[Input data Boundary: Start]

lemma trace_norm_eq_sum_sqrt_eigenvalues:
  assumes V: "V \<in> carrier_mat n n" and VV: "transpose_mat V * V = 1\<^sub>m n"
    and WW: "transpose_mat (to_mat n W) * to_mat n W = V * diag_matrix n e * transpose_mat V"
  shows "trace_norm n W = (\<Sum>k<n. sqrt (e k))"
proof -
  have "trace_norm n W = (\<Sum>a\<leftarrow>map e [0..<n]. sqrt a)"
    unfolding trace_norm_def Let_def WW char_poly_orthogonal_congruence[OF V VV]
    by (rule sum_roots_order_prod_linear)
  also have "\<dots> = (\<Sum>k<n. sqrt (e k))" by (simp add: sum_list_sum_nth atLeast0LessThan)
  finally show ?thesis .
qed

lemma to_mat_carrier[simp]: "to_mat n W \<in> carrier_mat n n"
  by (simp add: to_mat_def)

lemma index_to_mat[simp]: "i < n \<Longrightarrow> j < n \<Longrightarrow> to_mat n W $$ (i,j) = W i j"
  by (simp add: to_mat_def)

definition bilin :: "nat \<Rightarrow> (nat \<Rightarrow> nat \<Rightarrow> real) \<Rightarrow> (nat \<Rightarrow> real) \<Rightarrow> (nat \<Rightarrow> real) \<Rightarrow> real" where
  "bilin n N x y = (\<Sum>i<n. \<Sum>j<n. x i * N i j * y j)"

lemma bilin_swap:
  assumes "\<And>i j. i < n \<Longrightarrow> j < n \<Longrightarrow> N i j = N j i"
  shows "bilin n N y x = bilin n N x y"
proof -
  have "bilin n N y x = (\<Sum>j<n. \<Sum>i<n. y i * N i j * x j)" unfolding bilin_def by (rule sum.swap)
  also have "\<dots> = bilin n N x y" unfolding bilin_def by (intro sum.cong refl) (simp add: assms mult_ac)
  finally show ?thesis .
qed

lemma bilin_cong: "(\<And>i j. i < n \<Longrightarrow> j < n \<Longrightarrow> M i j = N i j) \<Longrightarrow> bilin n M x y = bilin n N x y"
  unfolding bilin_def by (intro sum.cong refl) auto

lemma bilin_diff_left: "bilin n (\<lambda>i j. M i j - N i j) x y = bilin n M x y - bilin n N x y"
  unfolding bilin_def by (simp add: sum_subtractf[symmetric] algebra_simps)

lemma bilin_polarization:
  "bilin n N (\<lambda>i. x i + y i) (\<lambda>i. x i + y i) - bilin n N (\<lambda>i. x i - y i) (\<lambda>i. x i - y i)
     = 2 * (bilin n N x y + bilin n N y x)"
  unfolding bilin_def
  by (simp add: sum_subtractf[symmetric] sum.distrib[symmetric] sum_distrib_left algebra_simps)

lemma bilin_scale: "bilin n N (\<lambda>i. t * x i) (\<lambda>i. s * y i) = t * s * bilin n N x y"
  unfolding bilin_def by (simp add: sum_distrib_left mult_ac)

lemma bilin_ones: "bilin n (\<lambda>i j. 1) y y = (\<Sum>i<n. y i)^2"
  unfolding bilin_def power2_eq_square by (simp add: sum_distrib_left sum_distrib_right mult_ac)

lemma bilin_mask: "bilin n (\<lambda>i j. t i * t j * N i j) x x = bilin n N (\<lambda>i. t i * x i) (\<lambda>i. t i * x i)"
  unfolding bilin_def by (intro sum.cong refl) (simp add: mult_ac)

lemma bilin_blocks:
  "bilin n (\<lambda>i j. (\<Sum>l<k. f l i * f l j) * M i j) x y
     = (\<Sum>l<k. bilin n M (\<lambda>i. f l i * x i) (\<lambda>i. f l i * y i))"
proof -
  have "bilin n (\<lambda>i j. (\<Sum>l<k. f l i * f l j) * M i j) x y
      = (\<Sum>i<n. \<Sum>j<n. \<Sum>l<k. (f l i * x i) * M i j * (f l j * y j))"
    unfolding bilin_def by (intro sum.cong refl) (simp add: sum_distrib_left sum_distrib_right mult_ac)
  also have "\<dots> = (\<Sum>i<n. \<Sum>l<k. \<Sum>j<n. (f l i * x i) * M i j * (f l j * y j))"
    by (rule sum.cong[OF refl], rule sum.swap)
  also have "\<dots> = (\<Sum>l<k. \<Sum>i<n. \<Sum>j<n. (f l i * x i) * M i j * (f l j * y j))"
    by (rule sum.swap)
  finally show ?thesis unfolding bilin_def .
qed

[Input data Boundary: End]

--- Action item ---
What is needed is an exact transcription of all the data.

--- Finished exercise ---
lemma trace_norm_eq_sum_sqrt_eigenvalues:
  assumes V: "V \<in> carrier_mat n n" and VV: "transpose_mat V * V = 1\<^sub>m n"
    and WW: "transpose_mat (to_mat n W) * to_mat n W = V * diag_matrix n e * transpose_mat V"
  shows "trace_norm n W = (\<Sum>k<n. sqrt (e k))"
proof -
  have "trace_norm n W = (\<Sum>a\<leftarrow>map e [0..<n]. sqrt a)"
    unfolding trace_norm_def Let_def WW char_poly_orthogonal_congruence[OF V VV]
    by (rule sum_roots_order_prod_linear)
  also have "\<dots> = (\<Sum>k<n. sqrt (e k))" by (simp add: sum_list_sum_nth atLeast0LessThan)
  finally show ?thesis .
qed

lemma to_mat_carrier[simp]: "to_mat n W \<in> carrier_mat n n"
  by (simp add: to_mat_def)

lemma index_to_mat[simp]: "i < n \<Longrightarrow> j < n \<Longrightarrow> to_mat n W $$ (i,j) = W i j"
  by (simp add: to_mat_def)

definition bilin :: "nat \<Rightarrow> (nat \<Rightarrow> nat \<Rightarrow> real) \<Rightarrow> (nat \<Rightarrow> real) \<Rightarrow> (nat \<Rightarrow> real) \<Rightarrow> real" where
  "bilin n N x y = (\<Sum>i<n. \<Sum>j<n. x i * N i j * y j)"

lemma bilin_swap:
  assumes "\<And>i j. i < n \<Longrightarrow> j < n \<Longrightarrow> N i j = N j i"
  shows "bilin n N y x = bilin n N x y"
proof -
  have "bilin n N y x = (\<Sum>j<n. \<Sum>i<n. y i * N i j * x j)" unfolding bilin_def by (rule sum.swap)
  also have "\<dots> = bilin n N x y" unfolding bilin_def by (intro sum.cong refl) (simp add: assms mult_ac)
  finally show ?thesis .
qed

lemma bilin_cong: "(\<And>i j. i < n \<Longrightarrow> j < n \<Longrightarrow> M i j = N i j) \<Longrightarrow> bilin n M x y = bilin n N x y"
  unfolding bilin_def by (intro sum.cong refl) auto

lemma bilin_diff_left: "bilin n (\<lambda>i j. M i j - N i j) x y = bilin n M x y - bilin n N x y"
  unfolding bilin_def by (simp add: sum_subtractf[symmetric] algebra_simps)

lemma bilin_polarization:
  "bilin n N (\<lambda>i. x i + y i) (\<lambda>i. x i + y i) - bilin n N (\<lambda>i. x i - y i) (\<lambda>i. x i - y i)
     = 2 * (bilin n N x y + bilin n N y x)"
  unfolding bilin_def
  by (simp add: sum_subtractf[symmetric] sum.distrib[symmetric] sum_distrib_left algebra_simps)

lemma bilin_scale: "bilin n N (\<lambda>i. t * x i) (\<lambda>i. s * y i) = t * s * bilin n N x y"
  unfolding bilin_def by (simp add: sum_distrib_left mult_ac)

lemma bilin_ones: "bilin n (\<lambda>i j. 1) y y = (\<Sum>i<n. y i)^2"
  unfolding bilin_def power2_eq_square by (simp add: sum_distrib_left sum_distrib_right mult_ac)

lemma bilin_mask: "bilin n (\<lambda>i j. t i * t j * N i j) x x = bilin n N (\<lambda>i. t i * x i) (\<lambda>i. t i * x i)"
  unfolding bilin_def by (intro sum.cong refl) (simp add: mult_ac)

lemma bilin_blocks:
  "bilin n (\<lambda>i j. (\<Sum>l<k. f l i * f l j) * M i j) x y
     = (\<Sum>l<k. bilin n M (\<lambda>i. f l i * x i) (\<lambda>i. f l i * y i))"
proof -
  have "bilin n (\<lambda>i j. (\<Sum>l<k. f l i * f l j) * M i j) x y
      = (\<Sum>i<n. \<Sum>j<n. \<Sum>l<k. (f l i * x i) * M i j * (f l j * y j))"
    unfolding bilin_def by (intro sum.cong refl) (simp add: sum_distrib_left sum_distrib_right mult_ac)
  also have "\<dots> = (\<Sum>i<n. \<Sum>l<k. \<Sum>j<n. (f l i * x i) * M i j * (f l j * y j))"
    by (rule sum.cong[OF refl], rule sum.swap)
  also have "\<dots> = (\<Sum>l<k. \<Sum>i<n. \<Sum>j<n. (f l i * x i) * M i j * (f l j * y j))"
    by (rule sum.swap)
  finally show ?thesis unfolding bilin_def .
qed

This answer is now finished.